Has your doctor told you that you have a facet joint compressing a nerve? This diagnosis is most often part of a larger foraminal stenosis problem that might involve various contributors besides spinal osteoarthritis. Although not an actual expression of facet syndrome, osteophytes that form on the zygapophyseal joints can reduce the patency of the posterior border of the foraminal opening. When combined with general arthritic accumulations and the possible presence of disc abnormalities, such as intervertebral herniation, facet bone spurring can create the ideal circumstances for a pinched nerve to occur.
This essay explores the compressive neuropathy diagnosis. We will examine how facet degeneration can contribute to the development of pinched nerve roots in the spine, as well as detailing the other causative factors. We will also examine the expected symptomology of a compressive neuropathy in short and long-term outlooks.

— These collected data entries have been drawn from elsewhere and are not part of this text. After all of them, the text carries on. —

(* Let $k\ge 1$ be an integer. Let $\boldsymbol{L}$ be the $(k+1)\times(k+1)$ lower triangular matrix with all entries on and below the diagonal equal to $1$ (and zeros above), let \[\boldsymbol{u}=\Big[\tfrac{1}{2^{k+1}},\tfrac{1}{2^{k+1}},\tfrac{1}{2^{k}},\tfrac{1}{2^{k-1}},\ldots,\tfrac{1}{2^2}\Big]\in\mathbb{R}^{k+1},\qquad \boldsymbol{v}=\Big[\tfrac{1}{2^{k}},\tfrac{1}{2^{k}-1},\tfrac{1}{2^{k-1}-1},\ldots,\tfrac{1}{2^2-1},\tfrac{1}{2-1}\Big]\in\mathbb{R}^{k+1},\] and $\boldsymbol{U}=\mathrm{Diag}(\boldsymbol{u})$, $\boldsymbol{V}=\mathrm{Diag}(\boldsymbol{v})$. Then for every $\boldsymbol{x}\in\mathbb{R}^{k+1}_{>0}$, \[ \mathcal{R}(\mathtt{KB})\;\ge\; R(\boldsymbol{x}):=\frac{\boldsymbol{x}^T\boldsymbol{L}^T\boldsymbol{V}\boldsymbol{L}^T\boldsymbol{U}\boldsymbol{L}\boldsymbol{V}\boldsymbol{L}\boldsymbol{x}}{\boldsymbol{x}^T\boldsymbol{L}^T\boldsymbol{U}\boldsymbol{L}\boldsymbol{x}}. \]
   Context: Min-Weighted Sum Bin Packing (MWSBP): an instance consists of $n$ items with sizes $s_i\in(0,1]$ and weights $w_i>0$. A feasible solution is a partition of the items into bins $B_1,\ldots,B_p$ with $\sum_{i\in B_k}s_i\le 1$; its cost is $\sum_{k=1}^p k\sum_{i\in B_k}w_i$; $\mathtt{OPT}$ is the minimum cost. The Knapsack-Batching algorithm ($\mathtt{KB}$): for $k=1,2,\ldots$ while items remain, let $B_k$ be a subset of the remaining items of maximum total weight subject to total size at most $1$ (ties broken arbitrarily). The approximation ratio $\mathcal{R}(\mathtt{ALG})$ is the smallest $\rho\ge1$ such that on every instance (and for every way the algorithm may break ties) the cost of its output is at most $\rho\cdot\mathtt{OPT}$. *)

theory Defs
  imports "Jordan_Normal_Form.Matrix" "HOL-Library.Extended_Real"
begin

definition valid_instance :: "nat \<Rightarrow> (nat \<Rightarrow> real) \<Rightarrow> (nat \<Rightarrow> real) \<Rightarrow> bool" where
  "valid_instance n s w \<longleftrightarrow> (\<forall>i<n. 0 < s i \<and> s i \<le> 1 \<and> 0 < w i)"

text \<open>A solution is given by a bin assignment b: item i goes to bin B_(b i), bins numbered from 1.\<close>
definition bin :: "nat \<Rightarrow> (nat \<Rightarrow> nat) \<Rightarrow> nat \<Rightarrow> nat set" where
  "bin n b k = {i. i < n \<and> b i = k}"

definition feasible :: "nat \<Rightarrow> (nat \<Rightarrow> real) \<Rightarrow> (nat \<Rightarrow> nat) \<Rightarrow> bool" where
  "feasible n s b \<longleftrightarrow> (\<forall>i<n. 1 \<le> b i) \<and> (\<forall>k. (\<Sum>i\<in>bin n b k. s i) \<le> 1)"

definition cost :: "nat \<Rightarrow> (nat \<Rightarrow> real) \<Rightarrow> (nat \<Rightarrow> nat) \<Rightarrow> real" where
  "cost n w b = (\<Sum>k\<in>b ` {..<n}. real k * (\<Sum>i\<in>bin n b k. w i))"

definition OPT :: "nat \<Rightarrow> (nat \<Rightarrow> real) \<Rightarrow> (nat \<Rightarrow> real) \<Rightarrow> real" where
  "OPT n s w = Inf {cost n w b | b. feasible n s b}"

text \<open>Possible outputs of Knapsack-Batching (over all tie-breakings): for every k \<ge> 1,
  bin B_k is a maximum-weight subset of size at most 1 of the items remaining before step k.\<close>
definition KB_output :: "nat \<Rightarrow> (nat \<Rightarrow> real) \<Rightarrow> (nat \<Rightarrow> real) \<Rightarrow> (nat \<Rightarrow> nat) \<Rightarrow> bool" where
  "KB_output n s w b \<longleftrightarrow> (\<forall>i<n. 1 \<le> b i) \<and>
     (\<forall>k\<ge>1. (\<Sum>i\<in>bin n b k. s i) \<le> 1 \<and>
        (\<forall>S. S \<subseteq> {i. i < n \<and> k \<le> b i} \<longrightarrow> (\<Sum>i\<in>S. s i) \<le> 1 \<longrightarrow>
              (\<Sum>i\<in>S. w i) \<le> (\<Sum>i\<in>bin n b k. w i)))"

text \<open>Approximation ratio of KB (infinity if no finite rho works).\<close>
definition KB_ratio :: ereal where
  "KB_ratio = Inf {ereal \<rho> | \<rho>. 1 \<le> \<rho> \<and>
     (\<forall>n s w b. valid_instance n s w \<longrightarrow> KB_output n s w b \<longrightarrow> cost n w b \<le> \<rho> * OPT n s w)}"

definition Diag :: "real vec \<Rightarrow> real mat" where
  "Diag d = mat (dim_vec d) (dim_vec d) (\<lambda>(i,j). if i = j then d $ i else 0)"

definition L_mat :: "nat \<Rightarrow> real mat" where
  "L_mat k = mat (k+1) (k+1) (\<lambda>(i,j). if j \<le> i then 1 else 0)"

text \<open>u = [1/2^(k+1), 1/2^(k+1), 1/2^k, ..., 1/2^2] (0-based entries)\<close>
definition u_vec :: "nat \<Rightarrow> real vec" where
  "u_vec k = vec (k+1) (\<lambda>j. if j = 0 then 1 / 2^(k+1) else 1 / 2^(k+2-j))"

text \<open>v = [1/2^k, 1/(2^k-1), 1/(2^(k-1)-1), ..., 1/(2-1)] (0-based entries)\<close>
definition v_vec :: "nat \<Rightarrow> real vec" where
  "v_vec k = vec (k+1) (\<lambda>j. if j = 0 then 1 / 2^k else 1 / (2^(k+1-j) - 1))"

definition R_val :: "nat \<Rightarrow> real vec \<Rightarrow> real" where
  "R_val k x = (let L = L_mat k; U = Diag (u_vec k); V = Diag (v_vec k) in
     (x \<bullet> ((L\<^sup>T * V * L\<^sup>T * U * L * V * L) *\<^sub>v x)) / (x \<bullet> ((L\<^sup>T * U * L) *\<^sub>v x)))"

end

theory Submission
  imports Defs
begin

text \<open>Fix block counts \<open>B\<^sub>0, \<dots>, B\<^sub>k\<close>. The instance has \<open>c\<^sub>j B\<^sub>j\<close> items of type \<open>j\<close>, where
  \<open>c\<^sub>0 = 2^k\<close> and \<open>c\<^sub>j = 2^(k+1-j) - 1\<close>, of weight \<open>1/2^k\<close> resp. \<open>1/2^(k+1-j)\<close> and of size
  equal to the weight up to a tiny perturbation. The perturbation is chosen so that one item of
  each type fills a bin exactly, whereas items of types \<open>\<ge> j\<close> that fit into one bin weigh at most
  as much as \<open>c\<^sub>j\<close> items of type \<open>j\<close>. Hence Knapsack-Batching may pack the types one after
  another, \<open>c\<^sub>j\<close> items per bin, while putting the \<open>r\<close>-th item of every type into bin \<open>r\<close> is
  feasible. For \<open>B\<^sub>j \<approx> t X\<^sub>j / c\<^sub>j\<close>, with \<open>X\<^sub>j\<close> the partial sums of \<open>x\<close>, the ratio of the two
  costs tends to \<open>R(x)\<close> as \<open>t \<rightarrow> \<infinity>\<close>; summation by parts identifies the limit with the
  matrix expression.\<close>

lemma cost_eq_sum_items: "cost n w b = (\<Sum>i<n. real (b i) * w i)"
proof -
  have "(\<Sum>i<n. real (b i) * w i) = (\<Sum>q\<in>b ` {..<n}. \<Sum>i\<in>{x\<in>{..<n}. b x = q}. real (b i) * w i)"
    by (rule sum.image_gen) simp
  also have "\<dots> = (\<Sum>q\<in>b ` {..<n}. real q * (\<Sum>i\<in>bin n b q. w i))"
    by (rule sum.cong) (auto simp: bin_def sum_distrib_left intro!: sum.cong)
  finally show ?thesis by (simp add: cost_def)
qed

lemma cost_nonneg: "valid_instance n s w \<Longrightarrow> 0 \<le> cost n w b"
  unfolding cost_eq_sum_items valid_instance_def
  by (intro sum_nonneg mult_nonneg_nonneg) (auto simp: less_imp_le)

lemma OPT_le_cost:
  assumes "valid_instance n s w" "feasible n s b"
  shows "OPT n s w \<le> cost n w b"
proof -
  have "bdd_below {cost n w b | b. feasible n s b}"
    using cost_nonneg[OF assms(1)] by (intro bdd_belowI[of _ 0]) blast
  then show ?thesis unfolding OPT_def using assms(2) by (blast intro: cInf_lower)
qed

lemma KB_ratio_ge_limit:
  assumes valid: "\<And>t. valid_instance (n t) (s t) (w t)"
    and kb: "\<And>t. KB_output (n t) (s t) (w t) (b t)"
    and feas: "\<And>t. feasible (n t) (s t) (b' t)"
    and lim: "(\<lambda>t. cost (n t) (w t) (b t) / cost (n t) (w t) (b' t)) \<longlonglongrightarrow> r"
  shows "ereal r \<le> KB_ratio"
  unfolding KB_ratio_def
proof (rule Inf_greatest, clarify)
  fix \<rho> :: real
  assume \<rho>1: "1 \<le> \<rho>" and bound: "\<forall>n s w b. valid_instance n s w \<longrightarrow> KB_output n s w b \<longrightarrow>
    cost n w b \<le> \<rho> * OPT n s w"
  have "cost (n t) (w t) (b t) / cost (n t) (w t) (b' t) \<le> \<rho>" for t
  proof -
    have "cost (n t) (w t) (b t) \<le> \<rho> * OPT (n t) (s t) (w t)"
      using bound valid kb by blast
    also have "\<dots> \<le> \<rho> * cost (n t) (w t) (b' t)"
      using OPT_le_cost[OF valid feas] \<rho>1 by (intro mult_left_mono) auto
    finally show ?thesis
      using \<rho>1 cost_nonneg[OF valid, of t "b' t"] by (cases "cost (n t) (w t) (b' t) = 0")
        (auto simp: pos_divide_le_eq)
  qed
  then have "r \<le> \<rho>" by (intro Lim_bounded[OF lim]) auto
  then show "ereal r \<le> ereal \<rho>" by simp
qed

Facet Joint Osteophyte Compressing a Nerve
Facet joints can encroach on the foraminal spaces when osteophytes form in the region or when the entire apophyseal joint becomes hypertrophic and extends into the neuroforamen. The foraminal space is simply a opening in between the vertebral bones that allows a nerve root to exit the spine and go on to become a network of nerve tissue that will innervate a specific region of the body. This opening is more than large enough to allow the nerve to egress, but when the passageway becomes stenotic, the nerve may become compressed and unable to function normally.
Osteophytes are bony outcroppings of skeletal tissue and they can act as a compressive force when they grow in size and impinge on the nerve. It must be made very clear that the foraminal opening would have to be virtually completely closed off in order for a pinched nerve to occur. This is a state that is virtually impossible to achieve due to facet bone spurs alone. However, in conjunction with other stenosis-inducing factors, the facet degeneration might play a vital role in symptomatic development.
Nerve Compression Contributors
Additional contributing factors to possible nerve root impingement are many and varied in the local spinal anatomy. Some of the most common of these causative processes include any or all of the following:
General age-related changes will cause accumulations of arthritic debris in the central spinal canal and in the foraminal spaces. These forms of permanent stenosis are major players in enacting pinched nerve conditions, but once again, seldom act alone to generate symptoms.
Ligamentous problems, such as ossification and hypertrophy, can help to close off the foraminal openings. However, only ossification qualifies as a true form of permanent stenosis.
Disc degeneration brings the vertebrae closer to one another and therefore automatically reduces the effective size of the neural foramen.
Bulging and herniated discs can encroach on the foraminal openings, but unless these disc abnormalities calcify, these are also not considered permanent varieties of stenosis. The most common types of disc irregularities to impinge on the neural foramen are posterolateral, far lateral, and of course, foraminal profiles.
Symptoms of Facet Joint Compressing a Nerve
Pinched nerve symptomology is one of the major misconceptions of a compressive neuropathy condition. Most patients claim to have pinched nerves, since this is what they have been mistakenly told, but have been suffering from severe local back or neck pain for years. This is mostly illogical from a scientific perspective. Actual expected symptomology for a true compressed spinal nerve root is as follows:
Preliminary symptoms of compression might include some local pain and pain in the innervated bodily region. Pain might not exist at all with some compressed nerves.
Tingling will likely develop, possibly locally, but almost definitely in the innervated bodily region, followed by progressively more objective forms of numbness.
Weakness will set in to the innervated region within days to weeks of initial compression. By this time, any pain that existed will likely fade or disappear.
Once the anatomical area is deprived of nerve signal for an extended timeframe, functional deficits will likely develop, such as foot drop.
The entire progression of these symptoms can occur rapidly in some cases or over several weeks in other cases. This is logical, given the variable nature of the nerve compression force applied. There are theories of partial compression causing the types of chronic pain often blamed on it, but these theories remain controversial and disputed by a diversity of clinical experiences.